BEGIN GIVEN DATA
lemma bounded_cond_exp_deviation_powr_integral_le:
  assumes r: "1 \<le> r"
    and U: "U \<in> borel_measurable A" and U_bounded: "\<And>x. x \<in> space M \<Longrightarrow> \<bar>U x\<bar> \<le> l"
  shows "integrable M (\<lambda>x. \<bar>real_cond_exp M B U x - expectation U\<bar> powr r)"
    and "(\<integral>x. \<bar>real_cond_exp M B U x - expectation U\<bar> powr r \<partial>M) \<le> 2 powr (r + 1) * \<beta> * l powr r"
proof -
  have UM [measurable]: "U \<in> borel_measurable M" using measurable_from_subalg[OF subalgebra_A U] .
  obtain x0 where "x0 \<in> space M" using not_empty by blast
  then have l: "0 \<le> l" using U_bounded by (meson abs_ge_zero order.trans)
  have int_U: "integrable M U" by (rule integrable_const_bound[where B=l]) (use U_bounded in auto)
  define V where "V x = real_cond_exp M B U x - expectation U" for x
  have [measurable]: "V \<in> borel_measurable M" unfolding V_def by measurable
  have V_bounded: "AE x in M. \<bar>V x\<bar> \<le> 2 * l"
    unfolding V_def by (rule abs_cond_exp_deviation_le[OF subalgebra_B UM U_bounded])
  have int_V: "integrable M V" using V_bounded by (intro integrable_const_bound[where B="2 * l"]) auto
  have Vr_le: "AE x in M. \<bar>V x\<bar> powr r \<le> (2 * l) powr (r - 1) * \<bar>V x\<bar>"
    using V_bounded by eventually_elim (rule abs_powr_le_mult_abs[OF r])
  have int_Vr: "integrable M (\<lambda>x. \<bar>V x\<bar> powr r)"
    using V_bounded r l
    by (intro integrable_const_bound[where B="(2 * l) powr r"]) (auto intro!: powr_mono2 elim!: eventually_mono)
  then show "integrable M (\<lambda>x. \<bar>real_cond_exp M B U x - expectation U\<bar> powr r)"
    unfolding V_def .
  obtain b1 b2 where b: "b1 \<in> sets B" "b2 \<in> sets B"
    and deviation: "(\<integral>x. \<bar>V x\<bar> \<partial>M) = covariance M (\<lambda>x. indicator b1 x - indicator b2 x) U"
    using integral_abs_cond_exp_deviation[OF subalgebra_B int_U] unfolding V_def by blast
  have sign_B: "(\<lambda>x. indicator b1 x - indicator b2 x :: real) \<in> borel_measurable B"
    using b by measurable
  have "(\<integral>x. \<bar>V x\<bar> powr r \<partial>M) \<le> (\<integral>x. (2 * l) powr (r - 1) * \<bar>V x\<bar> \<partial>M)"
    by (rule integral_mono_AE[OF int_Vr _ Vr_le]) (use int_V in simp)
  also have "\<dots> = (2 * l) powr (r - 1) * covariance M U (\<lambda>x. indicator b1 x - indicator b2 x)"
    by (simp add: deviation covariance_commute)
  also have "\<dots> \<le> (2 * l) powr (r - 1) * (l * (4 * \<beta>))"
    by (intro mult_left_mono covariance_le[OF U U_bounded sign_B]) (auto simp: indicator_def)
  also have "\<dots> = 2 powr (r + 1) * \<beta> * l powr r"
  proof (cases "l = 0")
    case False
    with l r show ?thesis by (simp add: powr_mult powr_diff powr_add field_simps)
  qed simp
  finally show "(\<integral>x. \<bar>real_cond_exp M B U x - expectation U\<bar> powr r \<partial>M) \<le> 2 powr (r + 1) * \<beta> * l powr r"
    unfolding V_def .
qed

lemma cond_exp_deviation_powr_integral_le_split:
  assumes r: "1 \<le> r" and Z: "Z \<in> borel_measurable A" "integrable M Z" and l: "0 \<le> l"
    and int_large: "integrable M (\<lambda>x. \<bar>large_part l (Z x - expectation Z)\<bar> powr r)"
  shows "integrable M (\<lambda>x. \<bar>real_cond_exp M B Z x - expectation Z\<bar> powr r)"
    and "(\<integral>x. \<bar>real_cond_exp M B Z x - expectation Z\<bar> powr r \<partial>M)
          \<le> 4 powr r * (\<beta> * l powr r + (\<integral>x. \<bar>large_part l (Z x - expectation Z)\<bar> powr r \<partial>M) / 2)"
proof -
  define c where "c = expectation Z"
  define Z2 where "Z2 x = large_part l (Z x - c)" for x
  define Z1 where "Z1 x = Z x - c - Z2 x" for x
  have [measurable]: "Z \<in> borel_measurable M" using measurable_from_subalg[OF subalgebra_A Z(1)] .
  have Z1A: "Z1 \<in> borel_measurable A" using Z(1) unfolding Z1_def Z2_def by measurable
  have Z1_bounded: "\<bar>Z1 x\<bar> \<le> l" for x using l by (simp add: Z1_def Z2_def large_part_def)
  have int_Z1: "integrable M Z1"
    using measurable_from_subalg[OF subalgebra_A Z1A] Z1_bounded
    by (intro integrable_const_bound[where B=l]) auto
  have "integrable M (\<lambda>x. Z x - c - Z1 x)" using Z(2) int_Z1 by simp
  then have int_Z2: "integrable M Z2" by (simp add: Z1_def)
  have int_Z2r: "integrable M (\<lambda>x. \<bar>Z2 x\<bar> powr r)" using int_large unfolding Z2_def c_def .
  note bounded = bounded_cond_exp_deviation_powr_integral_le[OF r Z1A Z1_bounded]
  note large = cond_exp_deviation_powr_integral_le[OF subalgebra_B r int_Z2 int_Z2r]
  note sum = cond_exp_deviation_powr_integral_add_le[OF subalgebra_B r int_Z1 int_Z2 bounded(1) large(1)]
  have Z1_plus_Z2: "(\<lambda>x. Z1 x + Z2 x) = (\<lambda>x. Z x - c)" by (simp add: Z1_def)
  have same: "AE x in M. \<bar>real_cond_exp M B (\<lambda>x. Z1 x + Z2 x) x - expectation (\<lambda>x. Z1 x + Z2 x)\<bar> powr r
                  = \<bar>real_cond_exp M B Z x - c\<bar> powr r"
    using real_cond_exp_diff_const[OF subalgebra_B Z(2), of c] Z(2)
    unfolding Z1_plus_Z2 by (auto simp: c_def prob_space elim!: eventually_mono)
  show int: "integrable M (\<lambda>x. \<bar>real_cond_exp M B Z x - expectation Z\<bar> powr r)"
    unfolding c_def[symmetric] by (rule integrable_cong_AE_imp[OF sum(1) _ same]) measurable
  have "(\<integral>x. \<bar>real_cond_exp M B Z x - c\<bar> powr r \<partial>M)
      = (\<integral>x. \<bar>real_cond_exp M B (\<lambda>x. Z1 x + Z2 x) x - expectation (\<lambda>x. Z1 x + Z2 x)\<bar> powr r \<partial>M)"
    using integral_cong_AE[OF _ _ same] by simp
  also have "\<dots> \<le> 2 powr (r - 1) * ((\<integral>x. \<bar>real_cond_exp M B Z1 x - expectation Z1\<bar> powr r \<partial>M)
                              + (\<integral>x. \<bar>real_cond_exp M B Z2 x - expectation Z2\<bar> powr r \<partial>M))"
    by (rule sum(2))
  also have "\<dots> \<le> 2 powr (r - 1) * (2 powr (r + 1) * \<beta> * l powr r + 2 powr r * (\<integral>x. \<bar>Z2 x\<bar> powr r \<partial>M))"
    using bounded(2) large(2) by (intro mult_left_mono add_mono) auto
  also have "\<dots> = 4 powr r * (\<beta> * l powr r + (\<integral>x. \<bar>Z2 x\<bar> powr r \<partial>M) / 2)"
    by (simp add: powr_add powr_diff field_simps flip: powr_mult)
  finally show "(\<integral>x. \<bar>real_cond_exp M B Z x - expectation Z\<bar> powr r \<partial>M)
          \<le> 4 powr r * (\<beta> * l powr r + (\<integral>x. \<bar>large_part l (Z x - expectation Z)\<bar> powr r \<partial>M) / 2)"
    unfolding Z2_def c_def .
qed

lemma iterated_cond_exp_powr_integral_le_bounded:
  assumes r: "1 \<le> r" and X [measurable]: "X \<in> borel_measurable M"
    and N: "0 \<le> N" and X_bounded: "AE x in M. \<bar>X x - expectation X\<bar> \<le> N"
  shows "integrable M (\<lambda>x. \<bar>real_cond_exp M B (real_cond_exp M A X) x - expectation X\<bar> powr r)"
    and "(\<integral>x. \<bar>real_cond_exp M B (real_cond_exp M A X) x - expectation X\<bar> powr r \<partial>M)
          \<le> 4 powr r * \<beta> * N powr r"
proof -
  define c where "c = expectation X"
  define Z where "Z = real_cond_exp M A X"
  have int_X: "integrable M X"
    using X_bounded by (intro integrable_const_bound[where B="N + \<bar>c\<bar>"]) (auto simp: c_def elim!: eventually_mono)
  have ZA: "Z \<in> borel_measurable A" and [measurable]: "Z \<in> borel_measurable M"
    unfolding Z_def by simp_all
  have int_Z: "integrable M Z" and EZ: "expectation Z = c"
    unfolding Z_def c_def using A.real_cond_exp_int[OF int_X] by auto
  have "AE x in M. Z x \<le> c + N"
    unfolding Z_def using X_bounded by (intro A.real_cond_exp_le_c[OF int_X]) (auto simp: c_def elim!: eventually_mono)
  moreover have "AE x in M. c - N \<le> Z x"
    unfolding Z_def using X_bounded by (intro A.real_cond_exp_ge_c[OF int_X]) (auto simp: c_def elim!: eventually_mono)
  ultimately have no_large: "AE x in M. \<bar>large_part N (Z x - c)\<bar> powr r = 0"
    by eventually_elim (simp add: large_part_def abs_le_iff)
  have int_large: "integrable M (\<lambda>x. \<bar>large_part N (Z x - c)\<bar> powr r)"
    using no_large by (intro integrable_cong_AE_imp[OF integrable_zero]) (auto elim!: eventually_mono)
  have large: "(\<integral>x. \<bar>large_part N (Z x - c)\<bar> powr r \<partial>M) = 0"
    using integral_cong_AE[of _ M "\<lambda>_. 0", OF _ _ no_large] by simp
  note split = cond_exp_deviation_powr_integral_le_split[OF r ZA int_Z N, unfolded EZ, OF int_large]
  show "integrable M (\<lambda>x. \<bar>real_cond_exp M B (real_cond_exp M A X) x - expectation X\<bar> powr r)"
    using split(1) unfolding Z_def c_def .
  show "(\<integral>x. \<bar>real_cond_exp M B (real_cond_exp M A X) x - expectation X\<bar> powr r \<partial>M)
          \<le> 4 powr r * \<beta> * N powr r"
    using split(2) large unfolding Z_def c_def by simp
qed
END GIVEN DATA
BEGIN GIVEN DATA
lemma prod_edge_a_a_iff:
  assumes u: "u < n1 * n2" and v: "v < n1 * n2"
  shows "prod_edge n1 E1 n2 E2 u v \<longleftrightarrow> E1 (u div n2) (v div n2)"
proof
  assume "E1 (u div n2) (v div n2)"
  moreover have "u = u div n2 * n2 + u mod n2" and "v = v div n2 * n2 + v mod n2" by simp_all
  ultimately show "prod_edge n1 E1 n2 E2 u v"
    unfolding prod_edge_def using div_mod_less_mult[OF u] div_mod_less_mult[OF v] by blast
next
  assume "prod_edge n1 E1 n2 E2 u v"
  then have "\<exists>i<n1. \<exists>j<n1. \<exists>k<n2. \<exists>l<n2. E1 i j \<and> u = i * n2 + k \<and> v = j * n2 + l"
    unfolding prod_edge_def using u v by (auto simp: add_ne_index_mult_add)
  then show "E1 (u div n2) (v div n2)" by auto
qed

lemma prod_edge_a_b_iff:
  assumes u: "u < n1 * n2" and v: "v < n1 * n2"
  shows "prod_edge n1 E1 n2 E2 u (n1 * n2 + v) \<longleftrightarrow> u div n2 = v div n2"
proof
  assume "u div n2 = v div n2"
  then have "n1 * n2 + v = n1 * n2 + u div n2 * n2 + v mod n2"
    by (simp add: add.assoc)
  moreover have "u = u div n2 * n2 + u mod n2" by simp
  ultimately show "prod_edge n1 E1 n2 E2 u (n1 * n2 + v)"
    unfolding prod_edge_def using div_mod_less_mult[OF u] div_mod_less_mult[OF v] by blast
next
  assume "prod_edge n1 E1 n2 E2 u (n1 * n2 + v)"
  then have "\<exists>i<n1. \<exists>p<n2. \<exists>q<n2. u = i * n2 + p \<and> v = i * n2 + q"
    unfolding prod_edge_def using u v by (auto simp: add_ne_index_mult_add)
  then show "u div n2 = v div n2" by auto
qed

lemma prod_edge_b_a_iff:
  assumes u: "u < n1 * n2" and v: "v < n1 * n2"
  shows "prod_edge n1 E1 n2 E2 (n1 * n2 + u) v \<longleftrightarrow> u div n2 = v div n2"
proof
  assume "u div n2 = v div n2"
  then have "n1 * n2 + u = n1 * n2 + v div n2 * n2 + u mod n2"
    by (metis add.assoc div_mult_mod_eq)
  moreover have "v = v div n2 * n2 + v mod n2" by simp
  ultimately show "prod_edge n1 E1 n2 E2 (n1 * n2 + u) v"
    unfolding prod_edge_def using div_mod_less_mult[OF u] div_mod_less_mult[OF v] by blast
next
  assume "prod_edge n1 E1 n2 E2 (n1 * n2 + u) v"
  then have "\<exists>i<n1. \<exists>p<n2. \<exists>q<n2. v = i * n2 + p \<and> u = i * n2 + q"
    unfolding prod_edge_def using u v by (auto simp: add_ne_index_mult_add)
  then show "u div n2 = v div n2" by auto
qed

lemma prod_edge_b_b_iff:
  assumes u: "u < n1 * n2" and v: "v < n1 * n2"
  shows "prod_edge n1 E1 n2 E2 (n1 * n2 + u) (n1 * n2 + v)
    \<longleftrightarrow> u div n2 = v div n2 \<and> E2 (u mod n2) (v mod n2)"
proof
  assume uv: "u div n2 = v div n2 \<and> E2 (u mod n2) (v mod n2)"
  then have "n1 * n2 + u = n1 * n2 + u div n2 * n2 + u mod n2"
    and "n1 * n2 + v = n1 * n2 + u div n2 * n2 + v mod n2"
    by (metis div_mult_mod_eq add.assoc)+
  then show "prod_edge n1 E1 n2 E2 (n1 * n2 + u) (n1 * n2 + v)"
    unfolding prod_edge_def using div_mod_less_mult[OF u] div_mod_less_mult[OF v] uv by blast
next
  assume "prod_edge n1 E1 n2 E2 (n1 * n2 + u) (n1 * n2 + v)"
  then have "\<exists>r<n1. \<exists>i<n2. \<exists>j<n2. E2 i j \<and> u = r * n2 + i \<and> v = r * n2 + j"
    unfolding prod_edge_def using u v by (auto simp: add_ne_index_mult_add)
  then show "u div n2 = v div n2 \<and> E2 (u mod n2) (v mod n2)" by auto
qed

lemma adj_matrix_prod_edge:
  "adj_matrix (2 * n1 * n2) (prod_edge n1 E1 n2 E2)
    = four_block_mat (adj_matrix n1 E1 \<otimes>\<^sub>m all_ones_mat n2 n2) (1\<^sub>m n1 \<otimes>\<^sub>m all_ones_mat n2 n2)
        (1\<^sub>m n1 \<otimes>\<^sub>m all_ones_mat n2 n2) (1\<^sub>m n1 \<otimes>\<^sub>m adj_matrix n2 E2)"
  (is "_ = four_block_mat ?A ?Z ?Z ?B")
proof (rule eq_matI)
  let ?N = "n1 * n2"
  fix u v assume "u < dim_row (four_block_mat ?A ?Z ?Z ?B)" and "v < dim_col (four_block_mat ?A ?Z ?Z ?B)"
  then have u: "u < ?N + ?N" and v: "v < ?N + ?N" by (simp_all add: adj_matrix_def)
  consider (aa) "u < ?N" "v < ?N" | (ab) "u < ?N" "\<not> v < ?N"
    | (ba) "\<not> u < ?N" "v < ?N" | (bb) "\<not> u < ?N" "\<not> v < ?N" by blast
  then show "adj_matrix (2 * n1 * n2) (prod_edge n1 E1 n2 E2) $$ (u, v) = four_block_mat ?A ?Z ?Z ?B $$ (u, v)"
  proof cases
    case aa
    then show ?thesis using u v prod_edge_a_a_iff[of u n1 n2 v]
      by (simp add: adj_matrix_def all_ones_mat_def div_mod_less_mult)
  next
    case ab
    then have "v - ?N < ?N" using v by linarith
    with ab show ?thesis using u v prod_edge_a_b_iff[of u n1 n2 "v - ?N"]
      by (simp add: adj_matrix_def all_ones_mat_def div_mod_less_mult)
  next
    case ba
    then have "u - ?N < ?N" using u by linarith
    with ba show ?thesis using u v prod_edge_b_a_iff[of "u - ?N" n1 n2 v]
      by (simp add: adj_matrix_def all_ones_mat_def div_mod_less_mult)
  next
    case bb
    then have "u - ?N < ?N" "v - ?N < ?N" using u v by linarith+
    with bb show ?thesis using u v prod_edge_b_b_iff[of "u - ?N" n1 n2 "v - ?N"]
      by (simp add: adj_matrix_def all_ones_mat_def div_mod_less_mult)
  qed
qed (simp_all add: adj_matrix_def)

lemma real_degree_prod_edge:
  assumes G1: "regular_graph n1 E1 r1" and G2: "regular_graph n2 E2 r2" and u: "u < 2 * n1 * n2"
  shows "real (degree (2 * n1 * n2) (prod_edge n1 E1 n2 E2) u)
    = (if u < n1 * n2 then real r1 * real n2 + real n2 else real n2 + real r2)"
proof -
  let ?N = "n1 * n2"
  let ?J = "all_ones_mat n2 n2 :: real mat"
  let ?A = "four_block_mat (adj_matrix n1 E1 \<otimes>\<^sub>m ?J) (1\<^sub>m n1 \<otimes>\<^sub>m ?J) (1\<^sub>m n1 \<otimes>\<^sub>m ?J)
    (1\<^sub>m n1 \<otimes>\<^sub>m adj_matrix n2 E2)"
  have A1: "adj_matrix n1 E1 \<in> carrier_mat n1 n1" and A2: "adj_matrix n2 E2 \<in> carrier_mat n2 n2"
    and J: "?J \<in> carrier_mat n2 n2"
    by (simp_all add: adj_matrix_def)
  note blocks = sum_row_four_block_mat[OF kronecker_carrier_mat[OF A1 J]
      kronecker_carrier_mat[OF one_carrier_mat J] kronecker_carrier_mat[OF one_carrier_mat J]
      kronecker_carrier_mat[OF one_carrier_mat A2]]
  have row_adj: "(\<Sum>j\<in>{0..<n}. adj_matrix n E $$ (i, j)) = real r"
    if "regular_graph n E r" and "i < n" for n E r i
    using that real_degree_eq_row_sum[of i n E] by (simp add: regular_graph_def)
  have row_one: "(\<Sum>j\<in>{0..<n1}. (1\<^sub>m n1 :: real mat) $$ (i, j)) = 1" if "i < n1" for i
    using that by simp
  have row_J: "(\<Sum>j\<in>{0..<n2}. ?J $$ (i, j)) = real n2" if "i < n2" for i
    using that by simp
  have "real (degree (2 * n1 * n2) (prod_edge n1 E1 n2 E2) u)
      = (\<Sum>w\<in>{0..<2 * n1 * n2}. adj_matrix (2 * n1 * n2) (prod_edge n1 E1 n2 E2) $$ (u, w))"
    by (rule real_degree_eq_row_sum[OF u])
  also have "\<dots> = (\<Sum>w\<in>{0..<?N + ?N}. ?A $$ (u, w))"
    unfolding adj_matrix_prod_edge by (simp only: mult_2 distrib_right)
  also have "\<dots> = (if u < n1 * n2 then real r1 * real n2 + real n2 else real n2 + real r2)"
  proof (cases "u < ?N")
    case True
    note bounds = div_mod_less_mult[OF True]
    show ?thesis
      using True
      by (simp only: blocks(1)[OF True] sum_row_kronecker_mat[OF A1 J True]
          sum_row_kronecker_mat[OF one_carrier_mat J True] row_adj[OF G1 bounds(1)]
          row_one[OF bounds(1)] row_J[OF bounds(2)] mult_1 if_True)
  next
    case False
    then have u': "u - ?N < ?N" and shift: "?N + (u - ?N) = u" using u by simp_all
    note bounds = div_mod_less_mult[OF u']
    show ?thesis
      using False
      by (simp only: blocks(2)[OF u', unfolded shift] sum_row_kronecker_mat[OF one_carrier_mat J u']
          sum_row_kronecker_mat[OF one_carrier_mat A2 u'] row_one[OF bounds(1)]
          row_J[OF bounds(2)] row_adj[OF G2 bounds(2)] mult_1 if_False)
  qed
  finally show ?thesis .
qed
END GIVEN DATA
PROBLEM TO WORK ON:
Please filter the data down to the lines containing the word "linarith".

SOLUTION FOR THIS EXERCISE:
    then have "v - ?N < ?N" using v by linarith
    then have "u - ?N < ?N" using u by linarith
    then have "u - ?N < ?N" "v - ?N < ?N" using u v by linarith+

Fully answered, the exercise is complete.